- _Material supplied_:
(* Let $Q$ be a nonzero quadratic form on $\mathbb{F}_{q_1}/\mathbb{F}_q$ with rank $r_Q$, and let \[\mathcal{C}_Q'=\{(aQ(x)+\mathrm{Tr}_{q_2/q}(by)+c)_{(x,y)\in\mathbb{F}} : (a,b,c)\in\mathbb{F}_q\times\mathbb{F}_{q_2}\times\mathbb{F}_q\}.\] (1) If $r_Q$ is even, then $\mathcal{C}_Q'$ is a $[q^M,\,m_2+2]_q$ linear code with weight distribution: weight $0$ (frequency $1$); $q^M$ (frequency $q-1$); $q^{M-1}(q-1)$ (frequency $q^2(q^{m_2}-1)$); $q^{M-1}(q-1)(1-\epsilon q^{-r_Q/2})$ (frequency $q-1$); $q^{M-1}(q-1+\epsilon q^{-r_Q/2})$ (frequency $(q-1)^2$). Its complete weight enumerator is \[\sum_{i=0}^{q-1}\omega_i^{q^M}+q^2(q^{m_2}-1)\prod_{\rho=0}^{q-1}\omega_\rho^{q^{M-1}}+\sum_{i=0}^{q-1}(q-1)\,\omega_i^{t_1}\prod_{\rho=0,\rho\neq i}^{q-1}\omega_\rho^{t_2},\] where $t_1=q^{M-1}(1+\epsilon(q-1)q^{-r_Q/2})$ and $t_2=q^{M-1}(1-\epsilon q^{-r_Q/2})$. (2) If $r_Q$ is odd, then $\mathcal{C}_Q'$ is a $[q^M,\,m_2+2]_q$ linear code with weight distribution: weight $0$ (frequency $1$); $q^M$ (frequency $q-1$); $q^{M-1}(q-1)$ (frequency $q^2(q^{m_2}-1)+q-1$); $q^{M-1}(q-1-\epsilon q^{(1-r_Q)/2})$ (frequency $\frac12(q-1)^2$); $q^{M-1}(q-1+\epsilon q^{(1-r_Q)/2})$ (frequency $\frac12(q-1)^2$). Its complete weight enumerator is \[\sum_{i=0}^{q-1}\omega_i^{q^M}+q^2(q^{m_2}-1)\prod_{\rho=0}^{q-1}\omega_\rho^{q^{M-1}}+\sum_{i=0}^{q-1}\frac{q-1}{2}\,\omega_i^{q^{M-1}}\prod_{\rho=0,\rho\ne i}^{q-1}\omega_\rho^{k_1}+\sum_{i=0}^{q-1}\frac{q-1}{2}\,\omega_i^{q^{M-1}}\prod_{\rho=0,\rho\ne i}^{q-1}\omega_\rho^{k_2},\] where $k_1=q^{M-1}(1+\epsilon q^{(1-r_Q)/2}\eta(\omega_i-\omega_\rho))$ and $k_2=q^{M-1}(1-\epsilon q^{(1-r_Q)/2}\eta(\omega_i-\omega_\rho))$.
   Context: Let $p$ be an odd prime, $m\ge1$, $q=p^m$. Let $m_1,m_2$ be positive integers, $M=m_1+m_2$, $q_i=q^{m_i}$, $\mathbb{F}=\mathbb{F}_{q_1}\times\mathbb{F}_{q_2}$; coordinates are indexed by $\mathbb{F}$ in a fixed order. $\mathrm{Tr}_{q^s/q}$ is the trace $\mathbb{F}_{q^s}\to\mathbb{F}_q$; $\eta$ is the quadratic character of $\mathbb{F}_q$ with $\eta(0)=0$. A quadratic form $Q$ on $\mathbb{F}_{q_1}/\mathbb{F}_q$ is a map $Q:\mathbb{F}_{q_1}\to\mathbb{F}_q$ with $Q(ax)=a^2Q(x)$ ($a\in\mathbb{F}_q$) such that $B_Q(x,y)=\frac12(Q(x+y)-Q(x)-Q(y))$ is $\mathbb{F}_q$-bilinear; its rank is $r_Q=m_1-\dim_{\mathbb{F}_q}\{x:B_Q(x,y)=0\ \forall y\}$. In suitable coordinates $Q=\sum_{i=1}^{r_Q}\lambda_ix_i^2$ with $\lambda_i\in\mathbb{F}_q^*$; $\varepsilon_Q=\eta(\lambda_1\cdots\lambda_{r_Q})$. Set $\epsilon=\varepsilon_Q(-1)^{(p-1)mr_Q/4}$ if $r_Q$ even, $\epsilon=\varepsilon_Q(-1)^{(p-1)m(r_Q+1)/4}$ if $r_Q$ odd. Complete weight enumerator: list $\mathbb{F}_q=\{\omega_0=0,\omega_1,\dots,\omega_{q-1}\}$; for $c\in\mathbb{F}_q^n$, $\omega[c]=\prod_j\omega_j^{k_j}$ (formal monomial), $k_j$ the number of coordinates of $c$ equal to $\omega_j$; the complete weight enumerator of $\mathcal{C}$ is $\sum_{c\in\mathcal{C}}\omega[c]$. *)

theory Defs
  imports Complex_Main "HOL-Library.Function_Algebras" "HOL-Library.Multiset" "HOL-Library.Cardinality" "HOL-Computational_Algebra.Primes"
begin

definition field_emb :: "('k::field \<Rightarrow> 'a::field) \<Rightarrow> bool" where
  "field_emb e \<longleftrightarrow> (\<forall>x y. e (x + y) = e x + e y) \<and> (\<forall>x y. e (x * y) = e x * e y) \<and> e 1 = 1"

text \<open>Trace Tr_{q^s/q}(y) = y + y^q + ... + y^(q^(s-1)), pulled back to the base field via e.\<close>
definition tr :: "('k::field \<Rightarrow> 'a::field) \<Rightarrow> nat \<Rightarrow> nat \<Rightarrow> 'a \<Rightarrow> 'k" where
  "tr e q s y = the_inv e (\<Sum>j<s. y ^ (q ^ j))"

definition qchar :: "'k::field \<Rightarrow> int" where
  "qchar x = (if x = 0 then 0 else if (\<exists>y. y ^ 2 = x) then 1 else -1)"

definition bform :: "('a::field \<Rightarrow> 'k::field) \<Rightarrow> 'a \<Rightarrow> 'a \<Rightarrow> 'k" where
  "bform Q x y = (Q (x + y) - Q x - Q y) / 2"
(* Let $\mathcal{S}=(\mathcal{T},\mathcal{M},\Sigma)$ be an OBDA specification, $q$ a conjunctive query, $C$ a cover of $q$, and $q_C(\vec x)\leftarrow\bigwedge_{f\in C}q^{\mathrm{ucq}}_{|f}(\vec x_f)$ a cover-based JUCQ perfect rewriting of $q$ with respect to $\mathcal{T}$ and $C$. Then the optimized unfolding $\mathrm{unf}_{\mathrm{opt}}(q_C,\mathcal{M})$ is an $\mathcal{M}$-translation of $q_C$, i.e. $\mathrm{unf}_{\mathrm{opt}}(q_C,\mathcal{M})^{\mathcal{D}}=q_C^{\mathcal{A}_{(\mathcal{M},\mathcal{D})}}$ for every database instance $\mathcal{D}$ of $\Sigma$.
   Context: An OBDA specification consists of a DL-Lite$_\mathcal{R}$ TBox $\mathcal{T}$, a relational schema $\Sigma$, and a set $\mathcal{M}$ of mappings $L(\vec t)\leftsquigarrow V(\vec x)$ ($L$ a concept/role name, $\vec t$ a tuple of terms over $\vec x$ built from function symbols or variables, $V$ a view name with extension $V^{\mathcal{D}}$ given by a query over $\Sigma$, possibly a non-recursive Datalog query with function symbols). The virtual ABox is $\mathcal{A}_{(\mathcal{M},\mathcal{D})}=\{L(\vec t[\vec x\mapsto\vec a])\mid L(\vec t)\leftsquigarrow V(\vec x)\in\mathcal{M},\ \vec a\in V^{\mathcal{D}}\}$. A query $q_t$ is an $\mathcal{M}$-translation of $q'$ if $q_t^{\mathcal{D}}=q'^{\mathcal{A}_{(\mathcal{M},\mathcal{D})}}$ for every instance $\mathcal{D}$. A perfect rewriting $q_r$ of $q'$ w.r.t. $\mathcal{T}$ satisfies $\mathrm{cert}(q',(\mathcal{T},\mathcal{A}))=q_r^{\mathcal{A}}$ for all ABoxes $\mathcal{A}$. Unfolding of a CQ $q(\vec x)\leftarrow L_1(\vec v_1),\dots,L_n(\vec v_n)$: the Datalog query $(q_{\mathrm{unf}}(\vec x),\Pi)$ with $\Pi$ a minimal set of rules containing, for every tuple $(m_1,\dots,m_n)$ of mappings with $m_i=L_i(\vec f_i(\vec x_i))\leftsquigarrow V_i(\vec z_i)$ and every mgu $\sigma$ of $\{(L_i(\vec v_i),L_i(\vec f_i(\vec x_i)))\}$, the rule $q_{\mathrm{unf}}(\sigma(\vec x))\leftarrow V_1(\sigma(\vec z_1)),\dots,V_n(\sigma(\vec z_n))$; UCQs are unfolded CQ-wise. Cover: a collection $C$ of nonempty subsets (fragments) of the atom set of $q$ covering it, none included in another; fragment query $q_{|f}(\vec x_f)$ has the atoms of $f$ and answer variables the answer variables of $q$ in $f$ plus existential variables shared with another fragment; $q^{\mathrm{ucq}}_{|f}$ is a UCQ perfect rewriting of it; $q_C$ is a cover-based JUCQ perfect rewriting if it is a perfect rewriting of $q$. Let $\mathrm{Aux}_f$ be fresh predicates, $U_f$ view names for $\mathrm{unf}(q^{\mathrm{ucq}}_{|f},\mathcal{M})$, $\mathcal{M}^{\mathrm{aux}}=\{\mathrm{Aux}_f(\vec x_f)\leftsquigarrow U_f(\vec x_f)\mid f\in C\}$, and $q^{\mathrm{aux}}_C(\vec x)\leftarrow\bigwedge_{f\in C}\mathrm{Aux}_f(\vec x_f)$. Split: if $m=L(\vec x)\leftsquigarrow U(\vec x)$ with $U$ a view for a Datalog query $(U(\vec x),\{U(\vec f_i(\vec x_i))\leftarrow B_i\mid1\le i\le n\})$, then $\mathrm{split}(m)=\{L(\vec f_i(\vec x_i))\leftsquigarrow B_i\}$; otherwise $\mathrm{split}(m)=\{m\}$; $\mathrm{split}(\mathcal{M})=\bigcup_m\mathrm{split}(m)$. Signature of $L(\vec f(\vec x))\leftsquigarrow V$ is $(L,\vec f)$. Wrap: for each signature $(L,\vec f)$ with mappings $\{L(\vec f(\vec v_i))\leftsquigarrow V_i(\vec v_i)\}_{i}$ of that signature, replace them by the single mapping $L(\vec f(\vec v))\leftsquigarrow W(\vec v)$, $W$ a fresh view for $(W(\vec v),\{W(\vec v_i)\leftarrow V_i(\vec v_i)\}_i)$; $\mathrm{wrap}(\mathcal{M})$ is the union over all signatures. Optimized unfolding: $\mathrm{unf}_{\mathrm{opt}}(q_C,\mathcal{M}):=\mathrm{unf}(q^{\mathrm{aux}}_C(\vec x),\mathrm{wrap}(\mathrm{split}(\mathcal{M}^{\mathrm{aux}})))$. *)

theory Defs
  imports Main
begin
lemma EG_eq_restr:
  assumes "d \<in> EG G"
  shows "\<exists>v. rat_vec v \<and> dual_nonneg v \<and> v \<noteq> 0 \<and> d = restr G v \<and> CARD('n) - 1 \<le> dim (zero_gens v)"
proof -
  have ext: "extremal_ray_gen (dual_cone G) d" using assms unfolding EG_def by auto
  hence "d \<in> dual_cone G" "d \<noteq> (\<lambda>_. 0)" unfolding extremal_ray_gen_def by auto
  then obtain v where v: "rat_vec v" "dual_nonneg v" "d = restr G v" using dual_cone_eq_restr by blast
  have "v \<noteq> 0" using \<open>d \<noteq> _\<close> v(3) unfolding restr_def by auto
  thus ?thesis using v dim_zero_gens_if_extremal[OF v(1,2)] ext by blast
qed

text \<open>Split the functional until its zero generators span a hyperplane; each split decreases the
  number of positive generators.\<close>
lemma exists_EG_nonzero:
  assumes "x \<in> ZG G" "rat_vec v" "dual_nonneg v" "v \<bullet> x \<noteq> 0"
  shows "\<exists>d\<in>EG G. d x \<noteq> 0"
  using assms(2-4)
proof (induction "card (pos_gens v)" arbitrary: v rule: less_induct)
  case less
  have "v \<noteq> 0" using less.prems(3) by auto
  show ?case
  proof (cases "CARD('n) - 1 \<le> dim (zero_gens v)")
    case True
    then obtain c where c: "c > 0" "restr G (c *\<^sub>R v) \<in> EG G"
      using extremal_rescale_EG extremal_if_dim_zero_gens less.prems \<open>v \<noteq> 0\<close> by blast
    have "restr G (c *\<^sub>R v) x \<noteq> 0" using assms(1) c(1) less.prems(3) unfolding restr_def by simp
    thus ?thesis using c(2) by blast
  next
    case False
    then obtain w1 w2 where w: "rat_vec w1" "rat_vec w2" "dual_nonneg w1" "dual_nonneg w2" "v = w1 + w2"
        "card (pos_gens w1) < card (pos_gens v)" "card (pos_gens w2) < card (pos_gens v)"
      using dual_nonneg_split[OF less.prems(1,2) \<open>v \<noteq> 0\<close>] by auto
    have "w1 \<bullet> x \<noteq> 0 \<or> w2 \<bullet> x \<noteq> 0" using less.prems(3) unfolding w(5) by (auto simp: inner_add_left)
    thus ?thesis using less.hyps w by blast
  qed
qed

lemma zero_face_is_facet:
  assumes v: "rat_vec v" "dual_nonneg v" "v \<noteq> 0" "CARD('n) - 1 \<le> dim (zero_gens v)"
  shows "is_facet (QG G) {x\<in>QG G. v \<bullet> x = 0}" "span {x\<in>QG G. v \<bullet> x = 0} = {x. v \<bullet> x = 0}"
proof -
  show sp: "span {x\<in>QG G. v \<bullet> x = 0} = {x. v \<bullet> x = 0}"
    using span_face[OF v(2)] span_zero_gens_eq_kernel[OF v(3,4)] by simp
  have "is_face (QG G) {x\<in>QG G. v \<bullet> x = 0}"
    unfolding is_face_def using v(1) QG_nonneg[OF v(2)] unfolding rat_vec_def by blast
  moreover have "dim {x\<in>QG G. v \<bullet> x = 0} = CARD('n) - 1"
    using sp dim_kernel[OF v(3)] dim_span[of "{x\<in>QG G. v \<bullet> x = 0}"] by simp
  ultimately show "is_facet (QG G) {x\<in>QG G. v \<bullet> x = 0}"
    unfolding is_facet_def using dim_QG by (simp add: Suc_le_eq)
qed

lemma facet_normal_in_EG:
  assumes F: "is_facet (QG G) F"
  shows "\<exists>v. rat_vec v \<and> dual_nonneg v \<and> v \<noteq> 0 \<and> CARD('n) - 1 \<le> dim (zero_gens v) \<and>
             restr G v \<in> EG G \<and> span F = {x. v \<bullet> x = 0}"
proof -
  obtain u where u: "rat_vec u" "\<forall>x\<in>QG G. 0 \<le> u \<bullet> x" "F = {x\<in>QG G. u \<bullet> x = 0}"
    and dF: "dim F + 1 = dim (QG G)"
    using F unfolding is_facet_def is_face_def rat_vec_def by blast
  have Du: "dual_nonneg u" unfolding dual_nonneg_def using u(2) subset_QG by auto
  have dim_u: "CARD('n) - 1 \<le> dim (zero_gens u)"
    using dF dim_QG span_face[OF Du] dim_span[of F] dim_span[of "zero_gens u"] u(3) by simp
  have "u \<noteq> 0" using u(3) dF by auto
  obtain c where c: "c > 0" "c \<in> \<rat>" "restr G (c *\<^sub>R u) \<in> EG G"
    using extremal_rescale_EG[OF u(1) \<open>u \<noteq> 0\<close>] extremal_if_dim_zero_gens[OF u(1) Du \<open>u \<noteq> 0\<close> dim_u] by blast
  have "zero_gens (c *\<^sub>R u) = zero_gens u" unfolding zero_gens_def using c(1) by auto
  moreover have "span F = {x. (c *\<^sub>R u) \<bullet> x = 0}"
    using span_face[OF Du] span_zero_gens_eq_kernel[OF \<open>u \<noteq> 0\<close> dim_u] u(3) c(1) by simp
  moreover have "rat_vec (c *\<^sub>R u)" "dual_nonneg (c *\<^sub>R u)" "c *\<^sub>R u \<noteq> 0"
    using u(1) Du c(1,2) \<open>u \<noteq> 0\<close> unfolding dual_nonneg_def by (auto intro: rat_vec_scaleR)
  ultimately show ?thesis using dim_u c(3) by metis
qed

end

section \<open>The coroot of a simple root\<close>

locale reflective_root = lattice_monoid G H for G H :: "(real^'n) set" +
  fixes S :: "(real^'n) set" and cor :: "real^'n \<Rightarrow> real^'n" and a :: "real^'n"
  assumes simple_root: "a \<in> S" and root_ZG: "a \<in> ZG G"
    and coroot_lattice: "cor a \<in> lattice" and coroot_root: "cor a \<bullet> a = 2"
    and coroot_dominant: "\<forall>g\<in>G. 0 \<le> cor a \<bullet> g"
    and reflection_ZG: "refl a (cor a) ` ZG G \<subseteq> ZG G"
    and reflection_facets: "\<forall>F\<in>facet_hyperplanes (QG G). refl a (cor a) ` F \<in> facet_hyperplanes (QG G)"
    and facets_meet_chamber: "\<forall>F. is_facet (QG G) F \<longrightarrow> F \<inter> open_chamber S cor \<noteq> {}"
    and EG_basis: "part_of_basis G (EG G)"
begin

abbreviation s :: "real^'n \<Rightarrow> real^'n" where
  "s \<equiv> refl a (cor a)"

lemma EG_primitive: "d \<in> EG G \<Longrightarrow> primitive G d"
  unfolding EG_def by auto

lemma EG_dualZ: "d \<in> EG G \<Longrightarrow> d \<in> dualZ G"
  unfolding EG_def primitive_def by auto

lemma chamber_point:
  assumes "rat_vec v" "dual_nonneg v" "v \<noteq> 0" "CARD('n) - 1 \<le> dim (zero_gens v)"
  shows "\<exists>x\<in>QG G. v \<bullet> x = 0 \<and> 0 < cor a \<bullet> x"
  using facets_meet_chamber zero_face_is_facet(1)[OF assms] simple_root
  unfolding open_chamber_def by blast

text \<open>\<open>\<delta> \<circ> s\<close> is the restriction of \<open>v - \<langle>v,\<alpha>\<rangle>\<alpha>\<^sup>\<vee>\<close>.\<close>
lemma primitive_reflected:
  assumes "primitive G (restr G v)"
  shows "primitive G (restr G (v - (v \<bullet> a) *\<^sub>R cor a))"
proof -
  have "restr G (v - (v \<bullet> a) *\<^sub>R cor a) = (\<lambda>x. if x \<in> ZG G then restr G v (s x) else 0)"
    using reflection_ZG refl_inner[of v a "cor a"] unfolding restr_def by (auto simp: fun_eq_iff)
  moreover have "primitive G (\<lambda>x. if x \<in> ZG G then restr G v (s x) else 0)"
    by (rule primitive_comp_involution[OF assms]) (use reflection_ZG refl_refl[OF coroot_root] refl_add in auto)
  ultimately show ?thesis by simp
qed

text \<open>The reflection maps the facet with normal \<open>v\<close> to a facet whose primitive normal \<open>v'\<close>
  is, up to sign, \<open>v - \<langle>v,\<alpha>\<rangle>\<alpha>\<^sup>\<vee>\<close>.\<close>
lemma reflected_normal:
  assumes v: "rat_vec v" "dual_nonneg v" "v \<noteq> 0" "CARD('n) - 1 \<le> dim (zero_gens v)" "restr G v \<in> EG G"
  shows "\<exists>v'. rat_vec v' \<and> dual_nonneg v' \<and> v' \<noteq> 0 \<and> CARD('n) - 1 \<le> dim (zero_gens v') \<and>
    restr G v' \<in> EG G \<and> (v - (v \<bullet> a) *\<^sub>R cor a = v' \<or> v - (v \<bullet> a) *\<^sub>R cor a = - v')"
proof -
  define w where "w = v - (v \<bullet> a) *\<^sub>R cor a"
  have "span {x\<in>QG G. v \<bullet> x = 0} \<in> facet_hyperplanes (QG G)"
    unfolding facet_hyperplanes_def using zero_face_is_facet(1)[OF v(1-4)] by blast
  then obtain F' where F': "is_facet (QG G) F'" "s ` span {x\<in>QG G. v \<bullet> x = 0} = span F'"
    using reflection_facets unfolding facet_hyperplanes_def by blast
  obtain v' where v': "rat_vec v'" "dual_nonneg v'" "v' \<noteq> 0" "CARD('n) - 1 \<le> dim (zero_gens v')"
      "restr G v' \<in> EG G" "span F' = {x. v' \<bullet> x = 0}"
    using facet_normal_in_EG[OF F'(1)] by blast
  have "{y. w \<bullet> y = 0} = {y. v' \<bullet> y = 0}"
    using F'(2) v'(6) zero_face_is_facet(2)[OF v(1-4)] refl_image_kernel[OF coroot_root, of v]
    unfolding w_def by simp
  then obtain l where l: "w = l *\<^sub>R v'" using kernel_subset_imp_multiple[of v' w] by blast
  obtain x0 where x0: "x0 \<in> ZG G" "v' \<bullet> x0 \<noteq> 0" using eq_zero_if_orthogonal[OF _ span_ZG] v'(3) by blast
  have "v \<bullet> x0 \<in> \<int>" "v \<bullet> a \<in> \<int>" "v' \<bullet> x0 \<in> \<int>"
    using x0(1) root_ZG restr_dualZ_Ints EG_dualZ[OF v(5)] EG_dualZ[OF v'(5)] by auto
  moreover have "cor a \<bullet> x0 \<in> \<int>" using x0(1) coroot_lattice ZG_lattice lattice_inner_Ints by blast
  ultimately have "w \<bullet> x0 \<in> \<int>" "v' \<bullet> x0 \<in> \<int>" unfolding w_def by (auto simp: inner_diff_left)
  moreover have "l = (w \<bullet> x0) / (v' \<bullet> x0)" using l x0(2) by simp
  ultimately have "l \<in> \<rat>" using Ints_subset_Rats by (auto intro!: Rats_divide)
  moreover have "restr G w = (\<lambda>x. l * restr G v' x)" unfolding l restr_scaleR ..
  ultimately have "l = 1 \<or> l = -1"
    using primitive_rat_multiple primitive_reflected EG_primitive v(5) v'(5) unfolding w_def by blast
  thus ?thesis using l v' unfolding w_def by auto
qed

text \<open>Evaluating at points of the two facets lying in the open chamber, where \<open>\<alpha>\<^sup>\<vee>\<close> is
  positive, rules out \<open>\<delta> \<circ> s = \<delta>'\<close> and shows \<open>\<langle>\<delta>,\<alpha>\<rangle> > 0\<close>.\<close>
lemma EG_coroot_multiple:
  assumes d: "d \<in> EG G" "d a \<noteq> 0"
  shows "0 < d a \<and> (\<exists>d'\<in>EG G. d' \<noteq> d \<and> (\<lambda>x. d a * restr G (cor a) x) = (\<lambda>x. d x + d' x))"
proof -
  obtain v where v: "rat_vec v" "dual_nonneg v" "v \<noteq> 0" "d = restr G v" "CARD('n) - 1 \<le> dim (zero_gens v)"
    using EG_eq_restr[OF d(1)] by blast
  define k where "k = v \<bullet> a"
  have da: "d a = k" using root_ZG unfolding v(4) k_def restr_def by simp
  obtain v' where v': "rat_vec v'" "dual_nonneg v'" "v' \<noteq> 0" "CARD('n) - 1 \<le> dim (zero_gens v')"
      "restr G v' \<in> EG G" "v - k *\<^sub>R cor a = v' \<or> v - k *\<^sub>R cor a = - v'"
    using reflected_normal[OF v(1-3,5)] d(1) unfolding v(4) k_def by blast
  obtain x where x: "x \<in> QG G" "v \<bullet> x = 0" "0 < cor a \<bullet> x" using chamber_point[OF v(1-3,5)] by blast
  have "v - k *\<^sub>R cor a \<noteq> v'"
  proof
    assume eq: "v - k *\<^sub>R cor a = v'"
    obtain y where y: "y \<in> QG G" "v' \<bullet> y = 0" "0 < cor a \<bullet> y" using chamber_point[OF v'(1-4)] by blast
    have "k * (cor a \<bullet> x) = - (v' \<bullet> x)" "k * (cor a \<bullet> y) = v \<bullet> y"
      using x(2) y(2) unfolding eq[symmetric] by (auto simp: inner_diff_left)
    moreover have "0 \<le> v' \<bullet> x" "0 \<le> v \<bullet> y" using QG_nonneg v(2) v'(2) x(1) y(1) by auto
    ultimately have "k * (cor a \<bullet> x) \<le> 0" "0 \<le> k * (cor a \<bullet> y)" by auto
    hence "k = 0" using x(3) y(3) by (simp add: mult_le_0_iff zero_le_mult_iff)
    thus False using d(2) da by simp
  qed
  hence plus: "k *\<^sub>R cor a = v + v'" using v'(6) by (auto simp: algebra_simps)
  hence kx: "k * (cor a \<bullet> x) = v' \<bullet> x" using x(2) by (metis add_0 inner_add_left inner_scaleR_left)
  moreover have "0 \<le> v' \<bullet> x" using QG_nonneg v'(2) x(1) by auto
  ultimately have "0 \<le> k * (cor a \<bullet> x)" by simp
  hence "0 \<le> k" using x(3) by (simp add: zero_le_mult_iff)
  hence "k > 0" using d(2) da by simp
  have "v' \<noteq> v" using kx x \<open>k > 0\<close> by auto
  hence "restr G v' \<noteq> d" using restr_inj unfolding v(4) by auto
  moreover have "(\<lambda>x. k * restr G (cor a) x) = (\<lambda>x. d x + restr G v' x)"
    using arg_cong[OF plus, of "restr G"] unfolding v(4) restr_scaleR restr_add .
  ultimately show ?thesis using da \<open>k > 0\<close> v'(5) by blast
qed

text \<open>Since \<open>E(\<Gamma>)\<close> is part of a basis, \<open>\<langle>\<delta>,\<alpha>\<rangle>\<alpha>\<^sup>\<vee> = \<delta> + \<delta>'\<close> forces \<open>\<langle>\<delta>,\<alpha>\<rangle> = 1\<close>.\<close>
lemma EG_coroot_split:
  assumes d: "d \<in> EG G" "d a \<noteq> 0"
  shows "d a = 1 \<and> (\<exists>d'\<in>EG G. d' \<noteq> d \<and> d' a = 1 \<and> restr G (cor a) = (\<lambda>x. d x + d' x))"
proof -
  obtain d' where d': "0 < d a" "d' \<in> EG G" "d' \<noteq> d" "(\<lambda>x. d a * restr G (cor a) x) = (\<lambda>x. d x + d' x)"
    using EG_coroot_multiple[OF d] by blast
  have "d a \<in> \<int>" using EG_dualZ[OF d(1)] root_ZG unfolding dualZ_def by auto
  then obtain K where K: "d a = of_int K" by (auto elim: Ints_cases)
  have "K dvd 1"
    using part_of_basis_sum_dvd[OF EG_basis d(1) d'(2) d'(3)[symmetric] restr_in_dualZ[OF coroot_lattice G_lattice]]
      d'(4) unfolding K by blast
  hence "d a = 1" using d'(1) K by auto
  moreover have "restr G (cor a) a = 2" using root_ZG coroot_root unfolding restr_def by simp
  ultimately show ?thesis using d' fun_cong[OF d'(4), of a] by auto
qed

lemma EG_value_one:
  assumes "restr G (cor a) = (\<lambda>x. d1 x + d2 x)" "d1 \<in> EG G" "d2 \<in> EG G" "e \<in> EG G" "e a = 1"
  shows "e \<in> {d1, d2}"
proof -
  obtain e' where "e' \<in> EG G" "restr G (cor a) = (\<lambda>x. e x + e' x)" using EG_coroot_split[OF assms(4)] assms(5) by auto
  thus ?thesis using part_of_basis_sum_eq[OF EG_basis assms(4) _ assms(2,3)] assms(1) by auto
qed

- _Task_: Search the listing for the word "intro" and return each line that holds it.

- _Output_:
    using u(1) Du c(1,2) \<open>u \<noteq> 0\<close> unfolding dual_nonneg_def by (auto intro: rat_vec_scaleR)
  ultimately have "l \<in> \<rat>" using Ints_subset_Rats by (auto intro!: Rats_divide)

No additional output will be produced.